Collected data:
============================================================

lemma matrix_mult_scaleR_mat_one_right: "X ** (a *\<^sub>R mat 1) = a *\<^sub>R (X::'m::finite mat)"
  by (metis matrix_mul_rid matrix_scalar_ac)

lemma matrix_mult_scaleR_mat_one_left: "(a *\<^sub>R mat 1) ** X = a *\<^sub>R (X::'m::finite mat)"
  by (metis matrix_mul_lid scalar_matrix_assoc)

lemma sum_row_matrix_mult:
  "(\<Sum>j\<in>UNIV. (X ** Y) $ i $ j) = (\<Sum>r\<in>UNIV. X $ i $ r * (\<Sum>j\<in>UNIV. Y $ r $ j))"
  unfolding matrix_mult_entry sum_distrib_left by (rule sum.swap)

lemma mpow_0 [simp]: "mpow M 0 = mat 1"
  by (simp add: mpow_def)

lemma mpow_Suc: "mpow M (Suc n) = mpow M n ** M"
  by (simp add: mpow_def)

lemma mpow_scaleR: "mpow (c *\<^sub>R M) n = (c ^ n) *\<^sub>R mpow M n"
proof (induction n)
  case (Suc n)
  show ?case
    by (simp add: mpow_Suc Suc vec_eq_iff matrix_mult_entry sum_distrib_left algebra_simps)
qed simp

lemma mpow_mat_one: "mpow (mat 1 :: 'm::finite mat) n = mat 1"
  by (induction n) (simp_all add: mpow_Suc)

lemma mpow_nonneg:
  assumes "\<And>a b. M $ a $ b \<ge> 0"
  shows "mpow M n $ i $ j \<ge> 0"
proof (induction n arbitrary: i j)
  case (Suc n)
  then show ?case unfolding mpow_Suc by (intro matrix_mult_nonneg assms)
qed (simp add: mat_one_entry)

lemma mpow_commute:
  assumes "A ** B = (B::'m::finite mat) ** A"
  shows "mpow B n ** A = A ** mpow B n"
proof (induction n)
  case (Suc n)
  have "mpow B (Suc n) ** A = mpow B n ** (B ** A)"
    by (simp add: mpow_Suc matrix_mul_assoc)
  also have "\<dots> = (mpow B n ** A) ** B"
    using assms by (simp add: matrix_mul_assoc[symmetric])
  also have "\<dots> = A ** mpow B (Suc n)"
    using Suc by (simp add: mpow_Suc matrix_mul_assoc)
  finally show ?case .
qed simp
(* Let $\Gamma$ be a group, $\alpha\in\mathrm{Aut}(\Gamma)$ and $\omega:\Gamma\times\Gamma\to\Gamma$, $\omega(g,h)=\alpha(g)$. Consider the action $\rho$ of $V$ on $\prod_{\mathbb Q_2}\Gamma$ given by $$\rho(v)(a)(x)=\alpha^{-\log_2(v'(v^{-1}x))}\big(a(v^{-1}x)\big),\quad a:\mathbb Q_2\to\Gamma,\ v\in V,\ x\in\mathbb Q_2.$$ Then $G(\omega)$ is isomorphic to the (unrestricted twisted permutational wreath product) $\prod_{\mathbb Q_2}\Gamma\rtimes_\rho V$.
   Context: $\{0,1\}^*$ denotes the finite words over $\{0,1\}$ (including the empty word), $|u|$ the length; $\mathfrak C=\{0,1\}^{\mathbb N}$; $\mathbb Q_2\subset\mathfrak C$ is the set of eventually-zero sequences; $\prod_{\mathbb Q_2}\Gamma$ is the group of all maps $\mathbb Q_2\to\Gamma$ under pointwise product. A finite complete prefix code is a finite set $\{t_1,\dots,t_n\}\subset\{0,1\}^*$ such that every $x\in\mathfrak C$ has exactly one $t_i$ as prefix. Thompson's group $V$ is the group of homeomorphisms $v$ of $\mathfrak C$ for which there exist finite complete prefix codes $\{t_i\},\{s_i\}$ and a permutation $\sigma$ with $v(t_iw)=s_{\sigma(i)}w$ for all $i$, $w\in\mathfrak C$ ($V$ preserves $\mathbb Q_2$); for $y\in\mathfrak C$ with prefix $t_i$, $v'(y):=2^{|t_i|-|s_{\sigma(i)}|}$. $K(\omega)$ is the group of maps $a:\{0,1\}^*\to\Gamma$ with $a(u)=\omega(a(u0),a(u1))$; $V$ acts on it by $\pi(v)(a)(s_{\sigma(i)}u)=a(t_iu)$ for all $i$, $u\in\{0,1\}^*$ (determining $\pi(v)(a)\in K(\omega)$ uniquely); $G(\omega):=K(\omega)\rtimes V$ with $vav^{-1}=\pi(v)(a)$. *)

theory Defs
  imports "HOL-Algebra.Group"
begin
(* Let $$E=\begin{bmatrix} J_{k,a} & -J_{k,b} & J_{k,c} & -J_{k,d} & 0 & 0 \\ -J_{l,a} & J_{l,b} & -J_{l,c} & J_{l,d} & 0 & 0 \\ J_{p,a} & -J_{p,b} & 0 & 0 & J_{p,e} & -J_{p,f} \\ -J_{q,a} & J_{q,b} & 0 & 0 & -J_{q,e} & J_{q,f} \\ 0 & 0 & J_{r,c} & -J_{r,d} & -J_{r,e} & J_{r,f} \\ 0 & 0 & -J_{s,c} & J_{s,d} & J_{s,e} & -J_{s,f} \\ \end{bmatrix}$$ where $E\mathbf{1}=0$, $\mathbf{1}^TE=0^T$, and $a+b$, $c+d$, $e+f$, $k+l$, $p+q$ and $r+s$ are positive. Let \begin{align*} A=\begin{bmatrix} 0 & J_{k,b} & 0 & J_{k,d} & X_{11} & X_{12} \\ J_{l,a} & 0 & J_{l,c} & 0 & X_{21} & X_{22} \\ 0 & J_{p,b} & Y_{11} & Y_{12} & 0 & J_{p,f} \\ J_{q,a} & 0 & Y_{21} & Y_{22} & J_{q,e} & 0 \\ Z_{11} & Z_{12} & 0 & J_{r,d} & J_{r,e} & 0 \\ Z_{21} & Z_{22} & J_{s,c} & 0 & 0 & J_{s,f} \\ \end{bmatrix} \end{align*} be a $(0,1)$ matrix conformally partitioned with $E$. Suppose that $X=\begin{bmatrix} X_{11} & X_{12}\\ X_{21} & X_{22} \end{bmatrix}$, $Y=\begin{bmatrix} Y_{11} & Y_{12}\\ Y_{21} & Y_{22} \end{bmatrix}$ and $Z=\begin{bmatrix} Z_{11} & Z_{12}\\ Z_{21} & Z_{22} \end{bmatrix}$. Then, $A$ and $A+E$ are Gram mates if and only if $X$, $Y$ and $Z$ satisfy the following conditions: \begin{enumerate} \item there are integers $x_1,x_2,y_1,y_2,z_1$ and $z_2$ such that $X\begin{bmatrix} \mathbf{1}\\ -\mathbf{1} \end{bmatrix}=\begin{bmatrix} x_1\mathbf{1}\\ x_2\mathbf{1} \end{bmatrix}$, $Y\begin{bmatrix} \mathbf{1}\\ -\mathbf{1} \end{bmatrix}=\begin{bmatrix} y_1\mathbf{1}\\ y_2\mathbf{1} \end{bmatrix}$, $Z\begin{bmatrix} \mathbf{1}\\ -\mathbf{1} \end{bmatrix}=\begin{bmatrix} z_1\mathbf{1}\\ z_2\mathbf{1} \end{bmatrix}$ and $x_1=y_2=-z_2$, $x_2=y_1=-z_1$, $x_1+x_2=y_1+y_2=-(z_1+z_2)=e-f$; and \item there are integers $\alpha_1,\alpha_2,\beta_1,\beta_2,\gamma_1$ and $\gamma_2$ such that $X^T\begin{bmatrix} \mathbf{1}\\ -\mathbf{1} \end{bmatrix}=\begin{bmatrix} \alpha_1\mathbf{1}\\ \alpha_2\mathbf{1} \end{bmatrix}$, $Y^T\begin{bmatrix} \mathbf{1}\\ -\mathbf{1} \end{bmatrix}=\begin{bmatrix} \beta_1\mathbf{1}\\ \beta_2\mathbf{1} \end{bmatrix}$, $Z^T\begin{bmatrix} \mathbf{1}\\ -\mathbf{1} \end{bmatrix}=\begin{bmatrix} \gamma_1\mathbf{1}\\ \gamma_2\mathbf{1} \end{bmatrix}$ and $\gamma_1=\beta_2=-\alpha_2$, $\gamma_2=\beta_1=-\alpha_1$, $\gamma_1+\gamma_2=\beta_1+\beta_2=-(\alpha_1+\alpha_2)=l-k$. \end{enumerate} In particular, conditions 1 and 2 imply $e\alpha_1-f\alpha_2=kx_1-lx_2$, $c\beta_1-d\beta_2=py_1-qy_2$, and $a\gamma_1-b\gamma_2=rz_1-sz_2$.
   Context: $J_{p,q}$ denotes the $p\times q$ all-ones matrix (absent if $p=0$ or $q=0$) and $\mathbf{1}$ an all-ones column vector of appropriate size. Two $(0,1)$ matrices $A\neq B$ are Gram mates if $AA^T=BB^T$ and $A^TA=B^TB$. *)

theory Defs
  imports "Jordan_Normal_Form.Matrix"
begin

============================================================

From the records above, copy every line that includes the word "have".

  have "mpow B (Suc n) ** A = mpow B n ** (B ** A)"
  also have "\<dots> = (mpow B n ** A) ** B"
  also have "\<dots> = A ** mpow B (Suc n)"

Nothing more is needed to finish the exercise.